Another potential fix would be to check the maximum page LSN that each read-only transaction touched (e.g., when LSN=130), and wait until that LSN becomes durable. However, even if the particular update operation log becomes durable, the dependent transaction (Xct B) might be later rolled back if its commit log is not yet durable. Thus, such a fix may lead to violations in serializability.

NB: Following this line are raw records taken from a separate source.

(* Let $q>1$ and $0<u<1$. Put weights on the edges $\lambda\to\Lambda$ of Young's lattice ($\Lambda$ obtained from $\lambda$ by adding one box): $m_{\lambda,\Lambda}=\frac{u}{q^{\lambda'_1}(q^{\lambda'_1+1}-1)}$ if the box is added to column $1$, and $m_{\lambda,\Lambda}=\frac{u\,(q^{-\lambda'_s}-q^{-\lambda'_{s-1}})}{q^{\lambda'_1}-1}$ if it is added to column $s>1$. Then for every standard Young tableau $T$, the probability that the Young Tableau Algorithm (run to termination) outputs $T$ equals $$\prod_{r=1}^\infty(1-u/q^r)\prod_{i=0}^{|T|-1}m_{\gamma_i,\gamma_{i+1}},$$ where $\emptyset=\gamma_0\subset\gamma_1\subset\dots\subset\gamma_{|T|}$ is the chain of shapes with $\gamma_k$ the shape formed by the entries $1,\dots,k$ of $T$.
   Context: $\lambda'_s$ is the length of column $s$ of $\lambda$ ($0$ if empty). Young Tableau Algorithm: coins indexed by $N\ge1$, coin $N$ showing heads with probability $u/q^N$, all flips independent. Start with $\lambda=\emptyset$, $N=1$. Flip coin $N$. If tails, set $N\to N+1$ and flip the new coin. If heads, choose a column $S\ge1$ with $\Pr(S=1)=\frac{q^{N-\lambda'_1}-1}{q^N-1}$ and $\Pr(S=s)=\frac{q^{N-\lambda'_s}-q^{N-\lambda'_{s-1}}}{q^N-1}$ for $s>1$, add a box at the bottom of column $S$, and flip coin $N$ again. Almost surely only finitely many boxes are added; the output is the standard Young tableau obtained by labelling boxes $1,2,\dots$ in order of creation. *)

theory Defs
  imports "HOL-Probability.Probability"
begin

text \<open>Tableaux/diagrams: a function nat \<times> nat \<Rightarrow> nat on boxes (row, column),
  rows and columns indexed from 1; value 0 means "no box", otherwise the label.\<close>

type_synonym tab = "nat \<times> nat \<Rightarrow> nat"

definition syt :: "tab \<Rightarrow> nat \<Rightarrow> bool" where
  "syt T n \<longleftrightarrow>
     (\<forall>i j. T (i, j) \<noteq> 0 \<longrightarrow> 1 \<le> i \<and> 1 \<le> j) \<and>
     bij_betw T {b. T b \<noteq> 0} {1..n} \<and>
     (\<forall>i j. T (i, j) \<noteq> 0 \<and> 1 < i \<longrightarrow> T (i - 1, j) \<noteq> 0 \<and> T (i - 1, j) < T (i, j)) \<and>
     (\<forall>i j. T (i, j) \<noteq> 0 \<and> 1 < j \<longrightarrow> T (i, j - 1) \<noteq> 0 \<and> T (i, j - 1) < T (i, j))"

definition clen :: "tab \<Rightarrow> nat \<Rightarrow> nat" where
  "clen Tab s = card {i. Tab (i, s) \<noteq> 0}"

definition dlen :: "(nat \<times> nat) set \<Rightarrow> nat \<Rightarrow> nat" where
  "dlen A s = card {i. (i, s) \<in> A}"

definition shape :: "tab \<Rightarrow> nat \<Rightarrow> (nat \<times> nat) set" where
  "shape T k = {b. T b \<noteq> 0 \<and> T b \<le> k}"
(* If $C\subseteq 2^{X}$ is an ample class, then the cube complex $Q(C)$ is collapsible.
   Context: A cube of $2^X$ is $\{T\cup Z:Z\subseteq Y\}$ with $Y\subseteq X$, $T\subseteq X\setminus Y$ ($Y$ its support, $|Y|$ its dimension). $Y$ is shattered by $C$ if $\{c\cap Y:c\in C\}=2^Y$; $C$ is ample if every set shattered by $C$ is the support of a cube contained in $C$. The cube complex $Q(C)$ is the set of all cubes of $2^X$ contained in $C$ (its faces, including single vertices). A free face of a cube complex is a face $Q$ strictly contained in exactly one other face $Q'$; an elementary collapse deletes $Q$ and $Q'$. The complex is collapsible if it can be reduced to a single vertex by a sequence of elementary collapses. *)

theory Defs
  imports Main
begin

definition cube :: "'a set \<Rightarrow> 'a set \<Rightarrow> 'a set set" where
  "cube T Y = {T \<union> Z | Z. Z \<subseteq> Y}"

definition is_cube :: "'a set \<Rightarrow> 'a set set \<Rightarrow> bool" where
  "is_cube X Q \<longleftrightarrow> (\<exists>Y T. Y \<subseteq> X \<and> T \<subseteq> X - Y \<and> Q = cube T Y)"

definition shatters :: "'a set set \<Rightarrow> 'a set \<Rightarrow> bool" where
  "shatters C Y \<longleftrightarrow> (\<lambda>c. c \<inter> Y) ` C = Pow Y"

definition ample :: "'a set \<Rightarrow> 'a set set \<Rightarrow> bool" where
  "ample X C \<longleftrightarrow>
     (\<forall>Y. shatters C Y \<longrightarrow> (\<exists>T. Y \<subseteq> X \<and> T \<subseteq> X - Y \<and> cube T Y \<subseteq> C))"

definition cube_complex :: "'a set \<Rightarrow> 'a set set \<Rightarrow> 'a set set set" where
  "cube_complex X C = {Q. is_cube X Q \<and> Q \<subseteq> C}"

definition free_face :: "'a set set set \<Rightarrow> 'a set set \<Rightarrow> 'a set set \<Rightarrow> bool" where
  "free_face K Q Q' \<longleftrightarrow> Q \<in> K \<and> Q' \<in> K \<and> Q \<subset> Q' \<and> (\<forall>R\<in>K. Q \<subset> R \<longrightarrow> R = Q')"

definition elementary_collapse :: "'a set set set \<Rightarrow> 'a set set set \<Rightarrow> bool" where
  "elementary_collapse K K' \<longleftrightarrow> (\<exists>Q Q'. free_face K Q Q' \<and> K' = K - {Q, Q'})"

definition collapsible :: "'a set set set \<Rightarrow> bool" where
  "collapsible K \<longleftrightarrow> (\<exists>v. elementary_collapse\<^sup>*\<^sup>* K {{v}})"

end

theory Submission
  imports Defs
begin

text \<open>
  We prove the relative statement: if \<open>S \<subseteq> C\<close> are ample and \<open>S \<noteq> {}\<close>, then \<open>Q(C)\<close>
  collapses onto \<open>Q(S)\<close>; the theorem is the case of a single vertex \<open>S = {v}\<close>. Pick a coordinate \<open>x\<close> on which \<open>C\<close> is not constant.
  Then \<open>Q(C)\<close> is the union of the complexes of the two halfspaces of \<open>C\<close> along \<open>x\<close> and of the
  prisms over the faces of the carrier of \<open>C\<close> (the elements of one halfspace whose neighbour
  across \<open>x\<close> is in \<open>C\<close>); halfspaces and carriers of ample classes are again ample.
  If \<open>S\<close> meets both halfspaces, collapse the prisms over the carrier of \<open>C\<close> onto those over
  the carrier of \<open>S\<close>, and then each halfspace of \<open>C\<close> onto that of \<open>S\<close>. If \<open>S\<close> lies in one
  halfspace, collapse the other halfspace onto its carrier and remove each remaining carrier face
  together with its prism, largest faces first; this leaves the halfspace containing \<open>S\<close>.
\<close>

section \<open>Collapses\<close>

abbreviation collapses :: "'a set set set \<Rightarrow> 'a set set set \<Rightarrow> bool" where
  "collapses \<equiv> elementary_collapse\<^sup>*\<^sup>*"

lemma collapses_subset: "collapses K L \<Longrightarrow> L \<subseteq> K"
  by (induction rule: rtranclp_induct) (auto simp: elementary_collapse_def)

lemma collapses_union:
  assumes "collapses K L" and "\<forall>F\<in>K - L. \<forall>G\<in>M. \<not> F \<subset> G" and "M \<inter> K = {}"
  shows "collapses (K \<union> M) (L \<union> M)"
  using assms
proof (induction rule: converse_rtranclp_induct)
  case base
  then show ?case by simp
next
  case (step K K')
  then obtain Q Q' where ff: "free_face K Q Q'" and K': "K' = K - {Q, Q'}"
    unfolding elementary_collapse_def by blast
  have "Q \<notin> L"
    using collapses_subset[OF step.hyps(2)] K' by blast
  then have "free_face (K \<union> M) Q Q'"
    using ff step.prems unfolding free_face_def by blast
  moreover have "K \<union> M - {Q, Q'} = K' \<union> M"
    using ff K' step.prems(2) unfolding free_face_def by blast
  ultimately have "elementary_collapse (K \<union> M) (K' \<union> M)"
    unfolding elementary_collapse_def by blast
  moreover have "collapses (K' \<union> M) (L \<union> M)"
    using step.IH step.prems K' by blast
  ultimately show ?case
    by (rule converse_rtranclp_into_rtranclp)
qed
(* For each $C>0$ and $K>1$ there exist $D=D(K,C)>C$ and $L=L(K,C)>C$ with the following property. Let $J\subseteq\mathbb Z$ be a nonempty set of consecutive integers, $p\in X$, and for each $i\in J$ let $\kappa_i$ be a $K$-contracting axis from $x_i$ to $y_i$ whose domain has length greater than $L$. Suppose $(\kappa_i)_{i\in J}$ is $C$-aligned. Then: (1) for each $i\in J$, the statements "$(\kappa_i,p)$ is $D$-aligned" and "$(p,\kappa_i)$ is $D$-aligned" cannot hold simultaneously; (2) the set $J_0=\{j\in J:(\kappa_i,p)\text{ is }D\text{-aligned for all }i\in J,\ i<j,\text{ and }(p,\kappa_i)\text{ is }D\text{-aligned for all }i\in J,\ i>j\}$ consists of either a single integer or two consecutive integers; (3) $\pi_{\bigcup_i\kappa_i}(p)$ is nonempty and contained in $\bigcup_{j\in J_0}\pi_{\kappa_j}(p)$; (4) $(\kappa_l,\kappa_m)$ is $D$-aligned for all $l,m\in J$ with $l<m$.
   Context: $X$ is a geodesic metric space. For $A\subseteq X$, $\pi_A(z)=\{a\in A:d(z,a)=d(z,A)\}$ and $\pi_A(B)=\bigcup_{b\in B}\pi_A(b)$. $A$ is $K$-contracting if $\pi_A(z)\ne\emptyset$ for all $z$ and $d(x,y)\le d(x,A)-K$ implies $\operatorname{diam}(\pi_A(x)\cup\pi_A(y))\le K$. A $K$-quasigeodesic is a map $\gamma$ from an interval of $\mathbb R$ or a set of consecutive integers to $X$ with $|s-t|/K-K\le d(\gamma(s),\gamma(t))\le K|s-t|+K$; a $K$-contracting axis is a $K$-quasigeodesic with $K$-contracting image; projections onto a path mean onto its image. Alignment: for paths $\kappa$ from $a$ to $a'$ and $\eta$ from $b'$ to $b$, $(\kappa,\eta)$ is $C$-aligned if $\operatorname{diam}(a'\cup\pi_\kappa(\eta))<C$ and $\operatorname{diam}(b'\cup\pi_\eta(\kappa))<C$. A sequence $(\kappa_i)_{i\in J}$ of paths is $C$-aligned if $(\kappa_i,\kappa_{i+1})$ is $C$-aligned whenever $i,i+1\in J$. A point is treated as a degenerate path with both endpoints equal to itself; thus $(\kappa,p)$ is $D$-aligned iff $\operatorname{diam}(a'\cup\pi_\kappa(p))<D$ where $a'$ is the terminal point of $\kappa$, and $(p,\kappa)$ is $D$-aligned iff $\operatorname{diam}(a\cup\pi_\kappa(p))<D$ where $a$ is the initial point of $\kappa$. *)

theory Defs
  imports "HOL-Analysis.Analysis"
begin

text \<open>The metric space X is given explicitly as a carrier M with metric d
(so that the constants D, L can be quantified before the space).\<close>

definition geodesic_space :: "'a set \<Rightarrow> ('a \<Rightarrow> 'a \<Rightarrow> real) \<Rightarrow> bool" where
  "geodesic_space M d \<longleftrightarrow> Metric_space M d \<and>
     (\<forall>x\<in>M. \<forall>y\<in>M. \<exists>g::real \<Rightarrow> 'a. g ` {0..d x y} \<subseteq> M \<and> g 0 = x \<and> g (d x y) = y \<and>
        (\<forall>s\<in>{0..d x y}. \<forall>t\<in>{0..d x y}. d (g s) (g t) = \<bar>s - t\<bar>))"

definition setdist :: "('a \<Rightarrow> 'a \<Rightarrow> real) \<Rightarrow> 'a \<Rightarrow> 'a set \<Rightarrow> real" where
  "setdist d z A = Inf (d z ` A)"

definition proj :: "('a \<Rightarrow> 'a \<Rightarrow> real) \<Rightarrow> 'a set \<Rightarrow> 'a \<Rightarrow> 'a set" where
  "proj d A z = {a \<in> A. d z a = setdist d z A}"

definition proj_set :: "('a \<Rightarrow> 'a \<Rightarrow> real) \<Rightarrow> 'a set \<Rightarrow> 'a set \<Rightarrow> 'a set" where
  "proj_set d A B = (\<Union>b\<in>B. proj d A b)"

text \<open>diameter, valued in the extended reals (so unbounded sets have diameter \<infinity>)\<close>
definition diam :: "('a \<Rightarrow> 'a \<Rightarrow> real) \<Rightarrow> 'a set \<Rightarrow> ereal" where
  "diam d S = (SUP p\<in>S \<times> S. ereal (d (fst p) (snd p)))"

definition contracting :: "'a set \<Rightarrow> ('a \<Rightarrow> 'a \<Rightarrow> real) \<Rightarrow> real \<Rightarrow> 'a set \<Rightarrow> bool" where
  "contracting M d K A \<longleftrightarrow>
     (\<forall>z\<in>M. proj d A z \<noteq> {}) \<and>
     (\<forall>x\<in>M. \<forall>y\<in>M. d x y \<le> setdist d x A - K \<longrightarrow>
        diam d (proj d A x \<union> proj d A y) \<le> ereal K)"

definition path_domain :: "real set \<Rightarrow> real \<Rightarrow> real \<Rightarrow> bool" where
  "path_domain I a b \<longleftrightarrow> a \<le> b \<and>
     (I = {a..b} \<or> (a \<in> \<int> \<and> b \<in> \<int> \<and> I = {a..b} \<inter> \<int>))"

definition quasigeodesic :: "('a \<Rightarrow> 'a \<Rightarrow> real) \<Rightarrow> real \<Rightarrow> (real \<Rightarrow> 'a) \<Rightarrow> real set \<Rightarrow> bool" where
  "quasigeodesic d K \<gamma> I \<longleftrightarrow>
     (\<forall>s\<in>I. \<forall>t\<in>I. \<bar>s - t\<bar> / K - K \<le> d (\<gamma> s) (\<gamma> t) \<and> d (\<gamma> s) (\<gamma> t) \<le> K * \<bar>s - t\<bar> + K)"

definition contracting_axis ::
  "'a set \<Rightarrow> ('a \<Rightarrow> 'a \<Rightarrow> real) \<Rightarrow> real \<Rightarrow> (real \<Rightarrow> 'a) \<Rightarrow> real set \<Rightarrow> real \<Rightarrow> real \<Rightarrow> bool" where
  "contracting_axis M d K \<gamma> I a b \<longleftrightarrow>
     path_domain I a b \<and> \<gamma> ` I \<subseteq> M \<and> quasigeodesic d K \<gamma> I \<and> contracting M d K (\<gamma> ` I)"

text \<open>A path is represented for alignment purposes by (image, initial point, terminal point).\<close>
type_synonym 'a pth = "'a set \<times> 'a \<times> 'a"

definition axis_path :: "(real \<Rightarrow> 'a) \<Rightarrow> real set \<Rightarrow> real \<Rightarrow> real \<Rightarrow> 'a pth" where
  "axis_path \<gamma> I a b = (\<gamma> ` I, \<gamma> a, \<gamma> b)"

definition point_path :: "'a \<Rightarrow> 'a pth" where
  "point_path p = ({p}, p, p)"

definition aligned :: "('a \<Rightarrow> 'a \<Rightarrow> real) \<Rightarrow> real \<Rightarrow> 'a pth \<Rightarrow> 'a pth \<Rightarrow> bool" where
  "aligned d C \<kappa> \<eta> \<longleftrightarrow>
     (case \<kappa> of (A, a, a') \<Rightarrow> case \<eta> of (B, b', b) \<Rightarrow>
        diam d (insert a' (proj_set d A B)) < ereal C \<and>
        diam d (insert b' (proj_set d B A)) < ereal C)"

definition consecutive_ints :: "int set \<Rightarrow> bool" where
  "consecutive_ints J \<longleftrightarrow> (\<forall>i\<in>J. \<forall>j\<in>J. \<forall>k. i \<le> k \<and> k \<le> j \<longrightarrow> k \<in> J)"

end

theory Submission
  imports Defs
begin

text \<open>
  The basic estimate is a bounded projection property of a \<open>K\<close>-contracting set \<open>A\<close> in a
  geodesic space: if \<open>x, y\<close> project to \<open>a, b\<close> with \<open>d a b > 2K\<close>, then
  \<open>d(x,A) + d(a,b) + d(y,A) \<le> d(x,y) + 12K\<close>. It is proved by walking along a geodesic from
  \<open>x\<close> to \<open>y\<close> in steps of length \<open>d(\<cdot>,A) - K\<close>, each of which moves the projection by at
  most \<open>K\<close>.

  For a \<open>C\<close>-aligned chain of long contracting axes, this estimate shows by induction on
  \<open>m - l\<close> that \<open>\<kappa>\<^sub>m\<close> projects onto \<open>\<kappa>\<^sub>l\<close> near the end of \<open>\<kappa>\<^sub>l\<close>, which gives (4).
  For the point \<open>p\<close> it shows that whenever \<open>(\<kappa>\<^sub>i, p)\<close> is not aligned, the distance from
  \<open>p\<close> grows by at least 1 from \<open>\<kappa>\<^sub>i\<close> to \<open>\<kappa>\<^sub>i\<^sub>+\<^sub>1\<close>, and symmetrically. The remaining
  claims are then combinatorics of integer intervals: the indices with \<open>(\<kappa>\<^sub>i, p)\<close> aligned form
  an initial segment, those with \<open>(p, \<kappa>\<^sub>i)\<close> aligned a final segment, and the distance from
  \<open>p\<close> strictly decreases towards the gap between them, where it attains its minimum.
\<close>

lemma real_measure_induct [case_names step]:
  fixes f :: "'b \<Rightarrow> real"
  assumes "0 < K"
    and step: "\<And>x. (\<And>y. 0 \<le> f y \<Longrightarrow> f y \<le> f x - K \<Longrightarrow> P y) \<Longrightarrow> P x"
  shows "P x"
proof (induction x rule: measure_induct_rule[where f = "\<lambda>x. nat \<lceil>f x / K\<rceil>"])
  case (less x)
  show ?case
  proof (rule step)
    fix y assume "0 \<le> f y" "f y \<le> f x - K"
    then have "0 \<le> f y / K" "f y / K \<le> f x / K - 1"
      using \<open>0 < K\<close> by (simp_all add: field_simps)
    then have "nat \<lceil>f y / K\<rceil> < nat \<lceil>f x / K\<rceil>"
      by linarith
    then show "P y" by (rule less)
  qed
qed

According to principles described herein, an exemplary serializable ELR may establish that a read-only transaction (e.g., second transaction 516, Xct A) is to wait until the log flush of other transactions (e.g., first transaction 512, Xct B) that the second transaction 516 depends upon. The wait/delay may be based on a tag. In the above case, second transaction 516 (Xct A) is to wait until a durability of the log buffer's LSN 532 corresponds to B's commit log, which is when the durable log buffer LSN 532 reaches LSN=200. Notice that Xct A is to wait until 200, when the commit request at step 3 would become durable, not 130 (corresponding to the LSN of the write to D3 itself). In other words, the read transaction could be delayed when interacting with uncommitted data to allow the data to commit, and would not need to be delayed when interacting with untouched and/or already committed data. As shown in FIG. 5, the crash at step 7 occurred when LSN=140, thus Xct A would have still been waiting until LSN=200 before committing, thereby ensuring serializability.

FIG. 6 is a table 600 illustrating pseudo code for a transaction commit according to an example. Based on the observations above, an example solution for serializable/safe ELR (SX-ELR) is described in the commit protocol shown in FIG. 6. Although steps are described in terms of being carried out by various components, it is possible for any component (e.g., a transaction manager) to carry out a step. The solution shown in FIG. 6 may involve associating a tag with each lock queue in the lock table. For example, the tag may be appended to a lock, and/or the tag may replace the lock. The tag is to annotate when the latest durable modification happened to the data protected by the lock. A transaction may check for such tags whenever it acquires a lock, and the maximum value of the tags it observed may be stored. When the transaction turns out to be read-only at commit time, it may compare the maximum tag with the durable LSN and immediately exit if the maximum tag is already durable. Otherwise, the transaction may wake up the log flusher and wait until the LSN becomes durable. In other words, the maximum tag is the serialization point of the read-only transaction. If the thread is pipelining a next transaction, a maximum tag (commit LSN if the current transaction is read-write) may be inherited to the next transaction, anticipating the case where the next transaction is also read-only.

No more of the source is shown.